#### EXERCISE DATA:
=== Section Start ===

lemma nn_integral_V_Suc_le:
  assumes i: "i < n"
  shows "(\<integral>\<^sup>+z. ennreal ((norm (V z (Suc t) i))\<^sup>2) \<partial>P)
    \<le> (\<integral>\<^sup>+z. ennreal ((norm (W z (Suc t) i))\<^sup>2 + \<sigma>\<^sup>2) \<partial>P)"
proof (rule nn_integral_PiM_le_by_coordinate[where k="Grad (Suc t) i", OF seed_prob])
  show "(\<lambda>z. ennreal ((norm (V z (Suc t) i))\<^sup>2)) \<in> borel_measurable P"
    using measurable_V[OF i] by measurable
  show "(\<lambda>z. ennreal ((norm (W z (Suc t) i))\<^sup>2 + \<sigma>\<^sup>2)) \<in> borel_measurable P"
    using measurable_W[OF i] by measurable
next
  fix z
  let ?x = "X z (Suc t)"
  interpret \<nu>: prob_space "\<nu> i" by (rule prob_space_nu[OF i])
  have "(\<integral>\<^sup>+x. ennreal ((norm (V (z(Grad (Suc t) i := x)) (Suc t) i))\<^sup>2)
      \<partial>seed_distr \<mu> \<nu> (Grad (Suc t) i))
     = (\<integral>\<^sup>+x. ennreal ((norm (W z (Suc t) i + (G i x ?x - gradf i ?x)))\<^sup>2) \<partial>\<nu> i)"
    by (simp add: ec_g_def ec_upd_later_seed seed_distr_def algebra_simps)
  also have "\<dots> \<le> ennreal ((norm (W z (Suc t) i))\<^sup>2 + \<sigma>\<^sup>2)"
    using G_int[OF i] G_unbiased[OF i] G_var[OF i]
    by (intro nn_integral_norm_add_centered_le \<nu>.prob_space_axioms) (simp_all add: \<nu>.prob_space)
  finally show "(\<integral>\<^sup>+x. ennreal ((norm (V (z(Grad (Suc t) i := x)) (Suc t) i))\<^sup>2)
      \<partial>seed_distr \<mu> \<nu> (Grad (Suc t) i))
     \<le> ennreal ((norm (W z (Suc t) i))\<^sup>2 + \<sigma>\<^sup>2)" .
qed (simp add: ec_upd_later_seed)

=== Section End ===

#### PROBLEM TO WORK ON:
The lines holding the string "using" in the listing above are what you should copy out.

#### RESPONSE TO THIS TASK:
    using measurable_V[OF i] by measurable
    using measurable_W[OF i] by measurable
    using G_int[OF i] G_unbiased[OF i] G_var[OF i]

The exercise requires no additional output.